# Site One Bermuda Schedule



## mantnyh (Aug 12, 2018)

Went to my local Site One looking for Celsius and Certainty. They have the cheapest price for Celsius, but didn't have it in stock. While I was there the guy started talking about some other herbicides for killing Fescue in Bermuda and some other stuff. Nice guy and very helpful. Before I left he mentioned they had a new maintenance calendar. I ask for it because I wanted to post it here. Of course it pushes some of their LESCO brands, but it actually looks fairly legit. Have a look-see.


----------



## reidgarner (Jun 18, 2018)

It's a pretty good program, especially for those who don't have the setup to blanket spray Pre-M (or just want the simplicity of granular apps). Only thing I would add is a higher K fert like 0-0-50 in the fall.


----------



## crzipilot (Jul 4, 2018)

Interesting.
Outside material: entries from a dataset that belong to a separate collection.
text \<open>The lowest diagonal allowed for matrices killed by delta carries a highest weight vector.\<close>
lemma diag_ones_delta_kernel:
  assumes d: "d = min 0 (int (dimV r2 s2) - int (dimV r1 s1))"
  shows "delta_act r1 s1 r2 s2 (diag_ones (dimV r2 s2) (dimV r1 s1) d) = 0\<^sub>m (dimV r2 s2) (dimV r1 s1)"
proof -
  have "delta_act r1 s1 r2 s2 (diag_ones (dimV r2 s2) (dimV r1 s1) d) \<in> carrier_mat (dimV r2 s2) (dimV r1 s1)"
    by (rule linear_on_matD(1)[OF delta_act_linear diag_ones_carrier])
  then show ?thesis
    unfolding d by (intro eq_matI) (auto simp: delta_act_index[OF diag_ones_carrier] diag_ones_index)
qed

text \<open>Since H is diagonal with H(p,p) = H(0,0) - 2p, every diag_ones is an H-weight vector.\<close>
lemma diag_ones_weight:
  fixes H1 Y1 H2 Y2 :: "'a::field mat"
  assumes T1: "graded_sl2_triple r1 s1 H1 Y1" and T2: "graded_sl2_triple r2 s2 H2 Y2"
  shows "hom_act H1 H2 (diag_ones (dimV r2 s2) (dimV r1 s1) d)
      = (H2 $$ (0,0) - H1 $$ (0,0) - 2 * of_int d) \<cdot>\<^sub>m diag_ones (dimV r2 s2) (dimV r1 s1) d"
    (is "hom_act H1 H2 ?\<psi> = ?\<mu> \<cdot>\<^sub>m ?\<psi>")
proof -
  note t1 = triple_facts[OF T1] and t2 = triple_facts[OF T2]
  have \<psi>: "?\<psi> \<in> carrier_mat (dimV r2 s2) (dimV r1 s1)" by (rule diag_ones_carrier)
  have H\<psi>: "hom_act H1 H2 ?\<psi> \<in> carrier_mat (dimV r2 s2) (dimV r1 s1)"
    by (rule linear_on_matD(1)[OF hom_act_linear[OF t1(1) t2(1)] \<psi>])
  show ?thesis
  proof (rule eq_matI)
    fix p q assume "p < dim_row (?\<mu> \<cdot>\<^sub>m ?\<psi>)" "q < dim_col (?\<mu> \<cdot>\<^sub>m ?\<psi>)"
    then have pq: "p < dimV r2 s2" "q < dimV r1 s1" using \<psi> by auto
    have "hom_act H1 H2 ?\<psi> $$ (p,q) = (H2 * ?\<psi>) $$ (p,q) - (?\<psi> * H1) $$ (p,q)"
      unfolding hom_act_def using pq \<psi> t1(1) by (intro index_minus_mat(1)) auto
    also have "\<dots> = (H2 $$ (p,p) - H1 $$ (q,q)) * ?\<psi> $$ (p,q)"
      using diag_left[OF t2(1) t2(3) \<psi> pq] diag_right[OF t1(1) t1(3) \<psi> pq]
      by (simp add: algebra_simps)
    also have "\<dots> = ?\<mu> * ?\<psi> $$ (p,q)"
    proof (cases "int p - int q = d")
      case True
      then have d_eq: "(of_int d :: 'a) = of_nat p - of_nat q" by auto
      have "H2 $$ (p,p) - H1 $$ (q,q) = H2 $$ (0,0) - H1 $$ (0,0) - 2 * (of_nat p - of_nat q)"
        unfolding H_diag[OF T2 pq(1)] H_diag[OF T1 pq(2)] by (simp add: algebra_simps)
      also have "\<dots> = ?\<mu>" by (simp only: d_eq)
      finally show ?thesis by simp
    qed (simp add: diag_ones_index pq)
    finally show "hom_act H1 H2 ?\<psi> $$ (p,q) = (?\<mu> \<cdot>\<^sub>m ?\<psi>) $$ (p,q)" using pq \<psi> by simp
  qed (use \<psi> H\<psi> in auto)
qed

lemma iterate_span_nonneg_degree:
  fixes H1 Y1 H2 Y2 :: "'a::field mat"
  assumes T1: "graded_sl2_triple r1 s1 H1 Y1" and T2: "graded_sl2_triple r2 s2 H2 Y2"
    and \<psi>: "\<psi> \<in> carrier_mat (dimV r2 s2) (dimV r1 s1)" "nonneg_degree r1 s1 r2 s2 \<psi>"
    and \<phi>: "\<phi> \<in> iterate_span (hom_act Y1 Y2) \<psi>"
  shows "nonneg_degree r1 s1 r2 s2 \<phi>"
proof -
  note Y = hom_act_linear[OF triple_facts(2)[OF T1] triple_facts(2)[OF T2]]
  have carrier: "\<phi> \<in> carrier_mat (dimV r2 s2) (dimV r1 s1)" if "\<phi> \<in> iterate_span (hom_act Y1 Y2) \<psi>" for \<phi>
    using iterate_span_carrier[OF Y \<psi>(1) that] .
  show ?thesis
    using \<phi>
  proof induction
    case (iter k)
    show ?case
    proof (induction k)
      case (Suc k)
      then show ?case
        using Y_act_nonneg_degree[OF T1 T2] carrier[OF iterate_span.iter] by simp
    qed (use \<psi> in simp)
  next
    case (smult \<phi> c)
    then show ?case using carrier[OF smult(1)] unfolding nonneg_degree_def by auto
  next
    case (add \<phi> \<phi>')
    then show ?case using carrier[OF add(1)] carrier[OF add(2)] unfolding nonneg_degree_def by auto
  qed
qed

section \<open>The maximal submodule of nonnegative degree\<close>

text \<open>The only part of the submodule structure needed for upper bounds: stability under delta.\<close>
lemma submodule_delta_stable:
  assumes "hom_sl2_submodule r1 s1 H1 Y1 r2 s2 H2 Y2 S"
  shows "S \<subseteq> carrier_mat (dimV r2 s2) (dimV r1 s1)" "\<forall>B\<in>S. delta_act r1 s1 r2 s2 B \<in> S"
  using assms unfolding hom_sl2_submodule_def by blast+

lemma zero_in_n_max:
  fixes H1 Y1 H2 Y2 :: "'a::field mat"
  assumes T1: "graded_sl2_triple r1 s1 H1 Y1" and T2: "graded_sl2_triple r2 s2 H2 Y2"
  shows "0\<^sub>m (dimV r2 s2) (dimV r1 s1) \<in> n_max r1 s1 H1 Y1 r2 s2 H2 Y2"
proof -
  note t1 = triple_facts[OF T1] and t2 = triple_facts[OF T2]
  have "hom_sl2_submodule r1 s1 H1 Y1 r2 s2 H2 Y2 {0\<^sub>m (dimV r2 s2) (dimV r1 s1)}"
    unfolding hom_sl2_submodule_def
    using linear_on_mat_zero[OF delta_act_linear] linear_on_mat_zero[OF hom_act_linear[OF t1(1) t2(1)]]
      linear_on_mat_zero[OF hom_act_linear[OF t1(2) t2(2)]]
    by auto
  moreover have "nonneg_degree r1 s1 r2 s2 (0\<^sub>m (dimV r2 s2) (dimV r1 s1) :: 'a mat)"
    unfolding nonneg_degree_def by auto
  ultimately show ?thesis unfolding n_max_def by blast
qed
This is a schedule of a competitor of site one.


----------



## Movingshrub (Jun 12, 2017)

My starting place for a schedule is someone who isn't trying to sell me something; such as at the university extension office.


----------



## Redtwin (Feb 9, 2019)

I see they have Top Choice for insects... can a DIYer get Top Choice at Site One?


----------



## SCGrassMan (Dec 17, 2017)

Movingshrub said:


> My starting place for a schedule is someone who isn't trying to sell me something; such as at the university extension office.


😂

Fair point


----------



## viva_oldtrafford (Apr 4, 2018)

Redtwin said:


> I see they have Top Choice for insects... can a DIYer get Top Choice at Site One?


It's a restricted use pesticide. So unless you have a license through your state, acquiring it will be impossible.


----------